# Puppy's First Night



## Alcibides (Feb 14, 2012)

Our Hav puppy is coming home in a couple of weeks and I'm wondering about where we should put his crate the first night. I wouldn't mind having it near our bed and putting a hand in for comfort as needed, but what about the potty possibilities. Do they mess their crates in the beginning? Lucky will be ten weeks when he comes home. If yes, is that an issue in a bedroom? (his regular area will be in the kitchen of course) Or do you fashion the crate with a puddle pad or what? I think I'd prefer having him near and providing comfort that first night (and I'd really not like to sit up in the kitchen with him) rather than closing the door so I don't hear him cry downstairs. But how is it managed? And if he sleeps his first night in our room, will he expect that forever (not necessarily a bad thing...but wondering). THanks in advance for any experience you can share.


----------



## ClaireVoyant (Jan 26, 2012)

Dogs are naturally "pack" animals and a pack is all puppies have ever known before that first night. They don't typically "go" in their crate as long as its the proper size (small) but because their little bladders are so tiny, it means they must be taken out frequently in those early weeks. After a couple of months, they're old enough to hold it eight hours or so during the night, but will still need frequent breaks during the day . But a puppy not taken out frequent enough, may have no other choice but to go in the crate . . .thats not a good place to be as they're often extremely difficult to housebreak.
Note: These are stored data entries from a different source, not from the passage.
(* Follow B_i along a shortest oriented chain i = k_0 -> ... -> k_s <- ... <- k_n = j through
   the composite map of the plenary condition; at every vertex k the image stays above B_k.
   Going up an edge k -> l this holds since B_l is contained in P k l B_k and projections are
   monotone; going down an edge l -> k (from k to l) it holds since, for atoms, B_k contained in
   P l k B_l is equivalent to B_l contained in the inverse projection of B_k. So B_j lies below
   the composite image of B_i, which plenarity bounds by P i j B_i. *)

lemma nle_refl:
  assumes "finite_boolean_algebra A" "x \<in> ncar A"
  shows "nle A x x"
proof -
  have closed: "\<forall>x\<in>ncar A. \<forall>y\<in>ncar A. njoin A x y \<in> ncar A"
    and absorb_join: "\<forall>x\<in>ncar A. \<forall>y\<in>ncar A. njoin A x (nmeet A x y) = x"
    and absorb_meet: "\<forall>x\<in>ncar A. \<forall>y\<in>ncar A. nmeet A x (njoin A x y) = x"
    using assms(1) unfolding finite_boolean_algebra_def by simp_all
  have "njoin A x x = njoin A x (nmeet A x (njoin A x x))"
    using absorb_meet closed assms(2) by simp
  also have "\<dots> = x" using absorb_join closed assms(2) by simp
  finally show ?thesis by (simp add: nle_def)
qed

lemma nle_trans:
  assumes "finite_boolean_algebra A" "x \<in> ncar A" "y \<in> ncar A" "z \<in> ncar A"
    and "nle A x y" "nle A y z"
  shows "nle A x z"
proof -
  have "njoin A x z = njoin A x (njoin A y z)" using \<open>nle A y z\<close> by (simp add: nle_def)
  also have "\<dots> = njoin A (njoin A x y) z"
    using assms(1-4) unfolding finite_boolean_algebra_def by blast
  also have "\<dots> = z" using \<open>nle A x y\<close> \<open>nle A y z\<close> by (simp add: nle_def)
  finally show ?thesis by (simp add: nle_def)
qed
Congratulations on your new Lucky . . .cant wait to see pictures


----------



## misstray (Feb 6, 2011)

I kept Brody in a small crate on a table by my bed. I was lucky, he slept through the night from the day I got him (his whole litter did too, apparently). I always planned on him sleeping on the bed when he got bigger, so that wasn't a concern of mine. I do think it comforts them to see/hear/smell you and it's definitely much easier to hear them if they do whimper cuz they need to go potty.


----------



## DonnaC (Jul 31, 2011)

Baxter took awhile to settle into crate sleeping--he cried for several nights. You don't want to get them out every time they cry -- or it will take forever to crate train them. But, when they're little like that, you do have to make sure they don't need to go potty. When Baxter sounded frantic, I'd carry him outside, put him down, tell him to "go potty" and then, whether he did or not, take him right back to the crate.
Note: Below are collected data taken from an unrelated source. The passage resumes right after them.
lemma ex_trace_neq_0: "\<exists>x. trace x \<noteq> 0"
proof -
  let ?P = "monom (1 :: 'a) (q\<^sup>2) + monom 1 q + monom 1 1"
  have "coeff ?P (q\<^sup>2) = 1" using q_lt_q2 q_gt_1 by simp
  then have "?P \<noteq> 0" by (metis coeff_0 zero_neq_one)
  moreover have "degree ?P < card (UNIV :: 'a set)"
    using q_lt_q2 q2_lt_q3 q_gt_1 card_UNIV
    by (intro le_less_trans[OF degree_add_le[OF degree_add_le]]) (auto simp: degree_monom_eq)
  ultimately obtain x where "poly ?P x \<noteq> 0"
    using ex_not_poly_root by blast
  then show ?thesis by (auto simp: poly_monom trace_def)
qed

lemma not_inj_on_cube_qdiff_if_3_dvd:
  assumes "3 dvd q"
  shows "\<not> inj_on (\<lambda>y. qdiff (y ^ 3)) (range qdiff)"
proof
  assume inj: "inj_on (\<lambda>y. qdiff (y ^ 3)) (range qdiff)"
  obtain x where x: "trace x \<noteq> 0" using ex_trace_neq_0 ..
  have "qdiff (qdiff x) = trace x - 3 * x ^ q"
    by (simp add: qdiff_def trace_def frob_diff frob_frob algebra_simps)
  then have "trace x \<in> range qdiff"
    using assms three_eq_0_iff by (metis diff_zero mult_zero_left rangeI)
  moreover have "0 \<in> range qdiff" by (metis qdiff_trace rangeI)
  moreover have "qdiff (trace x ^ 3) = 0"
    by (simp add: qdiff_eq_0_iff frob_power_fixed trace_frob)
  moreover have "qdiff (0 ^ 3) = 0" by (simp add: qdiff_0)
  ultimately have "trace x = 0" using inj by (metis inj_onD)
  with x show False ..
qed

lemma not_inj_on_cube_qdiff_if_mod_3_eq_1:
  assumes "q mod 3 = 1"
  shows "\<not> inj_on (\<lambda>y. qdiff (y ^ 3)) (range qdiff)"
proof
  assume inj: "inj_on (\<lambda>y. qdiff (y ^ 3)) (range qdiff)"
  obtain w :: 'a where w: "w ^ 3 = 1" "w \<noteq> 1"
    using ex_primitive_cube_root_of_unity assms card_UNIV cube_mod_3 by metis
  have "w ^ q = (w ^ 3) ^ (q div 3) * w"
    using assms by (metis mult.commute power_Suc2 power_mult mod_mult_div_eq add.commute plus_1_eq_Suc)
  then have w_fixed: "w ^ q = w" using w by simp
  obtain x :: 'a where "x ^ q \<noteq> x"
    using ex_power_neq_self q_gt_1 q_lt_q2 q2_lt_q3 card_UNIV by (metis less_trans)
  then have y: "qdiff x \<noteq> 0" by (simp add: qdiff_eq_0_iff)
  have "w * qdiff x \<in> range qdiff" by (metis qdiff_mult_fixed[OF w_fixed] rangeI)
  moreover have "qdiff x \<in> range qdiff" by simp
  moreover have "qdiff ((w * qdiff x) ^ 3) = qdiff (qdiff x ^ 3)"
    by (simp add: power_mult_distrib w)
  ultimately have "w * qdiff x = qdiff x" using inj by (metis inj_onD)
  with y w show False by simp
qed

lemma inj_on_cube_qdiff_iff: "inj_on (\<lambda>y. qdiff (y ^ 3)) (range qdiff) \<longleftrightarrow> q mod 3 = 2"
proof
  assume inj: "inj_on (\<lambda>y. qdiff (y ^ 3)) (range qdiff)"
  have "\<not> 3 dvd q" and "q mod 3 \<noteq> 1"
    using not_inj_on_cube_qdiff_if_3_dvd not_inj_on_cube_qdiff_if_mod_3_eq_1 inj by blast+
  then show "q mod 3 = 2" by presburger
next
  assume "q mod 3 = 2"
  moreover have "range qdiff \<subseteq> {y. trace y = 0}" by (auto simp: trace_qdiff)
  ultimately show "inj_on (\<lambda>y. qdiff (y ^ 3)) (range qdiff)"
    using inj_on_cube_qdiff inj_on_subset by blast
qed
It really isn't very long before they can hold it all night.


----------



## Alcibides (Feb 14, 2012)

*Thank you*

Thanks for the help with that. All makes good sense.


----------



## krandall (Jun 11, 2009)

Kodi has always slept in his crate. I know a lot of people start them off in the bedroom, but that really wasn't feasible for us. (DH didn't want a dog in the beginning, though Kodi now has him COMPLETELY wrapped around his paw) So his crate was downstairs, and for the first week, either I or my son slept next to him on the couch.

I think he was 11 weeks when we brought him home, and from the beginning, he could go from about 11PM to 6AM, but younger puppies will need you to get up during the night with them, at least once. 
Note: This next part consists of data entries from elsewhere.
lemma has_sum_norm_le:
  assumes "(f has_sum a) A" "\<And>F. finite F \<Longrightarrow> F \<subseteq> A \<Longrightarrow> norm (sum f F) \<le> b"
  shows "norm a \<le> b"
proof -
  have "((\<lambda>F. norm (sum f F)) \<longlongrightarrow> norm a) (finite_subsets_at_top A)"
    using assms(1) unfolding has_sum_def by (rule tendsto_norm)
  moreover have "eventually (\<lambda>F. norm (sum f F) \<le> b) (finite_subsets_at_top A)"
    by (rule eventually_finite_subsets_at_top_weakI) (rule assms(2))
  ultimately show ?thesis
    using finite_subsets_at_top_neq_bot by (rule tendsto_upperbound)
qed

lemma summable_on_if_small_tails:
  fixes f :: "'b \<Rightarrow> 'a::banach"
  assumes tails: "\<And>e. e > 0 \<Longrightarrow> \<exists>F0. finite F0 \<and> F0 \<subseteq> A \<and>
      (\<forall>G. finite G \<and> G \<subseteq> A - F0 \<longrightarrow> norm (sum f G) < e)"
  shows "f summable_on A"
proof -
  have "\<exists>P. eventually P (finite_subsets_at_top A) \<and>
      (\<forall>F F'. P F \<and> P F' \<longrightarrow> dist (sum f F) (sum f F') < e)" if "e > 0" for e
  proof -
    obtain F0 where F0: "finite F0" "F0 \<subseteq> A"
      and small: "\<And>G. finite G \<Longrightarrow> G \<subseteq> A - F0 \<Longrightarrow> norm (sum f G) < e / 2"
      using tails[of "e/2"] \<open>e > 0\<close> by auto
    define P where "P F \<longleftrightarrow> finite F \<and> F0 \<subseteq> F \<and> F \<subseteq> A" for F
    have "sum f F = sum f F0 + sum f (F - F0)" if "P F" for F
      using that unfolding P_def by (metis add.commute sum.subset_diff)
    then have dist_le: "dist (sum f F) (sum f F') \<le> norm (sum f (F - F0)) + norm (sum f (F' - F0))"
      if "P F" "P F'" for F F'
      using that unfolding dist_norm by (simp add: norm_triangle_ineq4)
    have tail_small: "norm (sum f (F - F0)) < e / 2" if "P F" for F
      using that unfolding P_def by (intro small) auto
    have "dist (sum f F) (sum f F') < e" if "P F" "P F'" for F F'
      using dist_le[OF that] tail_small[OF that(1)] tail_small[OF that(2)] by linarith
    moreover have "eventually P (finite_subsets_at_top A)"
      unfolding eventually_finite_subsets_at_top P_def using F0 by blast
    ultimately show ?thesis
      by blast
  qed
  then have "cauchy_filter (filtermap (sum f) (finite_subsets_at_top A))"
    by (simp add: cauchy_filter_metric_filtermap)
  then obtain L where "(sum f \<longlongrightarrow> L) (finite_subsets_at_top A)"
    using complete_uniform[where S=UNIV] complete_UNIV by (force simp add: filterlim_def)
  then show ?thesis
    using summable_on_def has_sum_def by blast
qed

lemma has_sum_sum:
  fixes f :: "'i \<Rightarrow> 'b \<Rightarrow> 'c::topological_comm_monoid_add"
  assumes "finite I" "\<And>i. i \<in> I \<Longrightarrow> (f i has_sum s i) A"
  shows "((\<lambda>x. \<Sum>i\<in>I. f i x) has_sum (\<Sum>i\<in>I. s i)) A"
  using assms by (induction I rule: finite_induct) (auto intro!: has_sum_add)

lemma has_sum_single_support:
  assumes "k \<in> A" "\<And>j. j \<in> A \<Longrightarrow> j \<noteq> k \<Longrightarrow> f j = 0"
  shows "(f has_sum f k) A"
  using has_sum_cong_neutral[of A "{k}" f f] has_sum_finite[of "{k}" f] assms by auto

lemma has_sum_prod_decode_sums:
  assumes "(h has_sum H) UNIV"
  shows "(h \<circ> prod_decode) sums H"
proof -
  have "((h \<circ> prod_decode) has_sum H) UNIV"
    using assms has_sum_reindex[of prod_decode UNIV h H] bij_prod_decode by (simp add: bij_def)
  then show ?thesis by (rule has_sum_imp_sums)
qed

lemma bounded_clinear_linear: "bounded_clinear f \<Longrightarrow> linear f"
  by (simp add: bounded_clinear_def bounded_linear.linear)

lemma row_bound_mono: "row_bound J u C \<Longrightarrow> C \<le> C' \<Longrightarrow> row_bound J u C'"
  unfolding row_bound_def by (meson mult_right_mono order_trans real_sqrt_ge_zero sum_nonneg zero_le_power2)

lemma col_bound_mono: "col_bound J v C \<Longrightarrow> C \<le> C' \<Longrightarrow> col_bound J v C'"
  unfolding col_bound_def by (meson mult_right_mono order_trans norm_ge_zero)

lemma invertible_row_withD:
  assumes "invertible_row_with J u v"
  shows "j \<in> J \<Longrightarrow> bounded_clinear (u j)"
    and "j \<in> J \<Longrightarrow> bounded_clinear (v j)"
    and "j \<in> J \<Longrightarrow> k \<in> J \<Longrightarrow> v k (u j y) = (if k = j then y else 0)"
    and "((\<lambda>j. u j (v j x)) has_sum x) J"
proof -
  show "j \<in> J \<Longrightarrow> k \<in> J \<Longrightarrow> v k (u j y) = (if k = j then y else 0)"
    using assms unfolding invertible_row_with_def by (metis comp_apply id_apply)
qed (use assms in \<open>simp_all add: invertible_row_with_def\<close>)

lemma invertible_row_with_bound:
  assumes "invertible_row_with J u v"
  obtains C where "C \<ge> 0" "row_bound J u C" "col_bound J v C"
proof -
  obtain Cu Cv where "row_bound J u Cu" "col_bound J v Cv"
    using assms by (auto simp: invertible_row_with_def)
  then show ?thesis
    by (meson that[of "max 0 (max Cu Cv)"] row_bound_mono col_bound_mono max.cobounded1 max.cobounded2 order_trans)
qed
I have RA, and I just can't stay up that late at night, so once he was feeling secure, and had proven he would reliably use his litter box in his ex-pen, we just left his crate door open inside his ex-pen, and he started pottying himself if need be during the night. He has a bigger crate now, and it is attached to the outside of his ex-pen, but this is still his "bedroom" arrangement. He has his littler box and a water bottle in the ex-pen, available when he needs them, but he sleeps in the attached crate. 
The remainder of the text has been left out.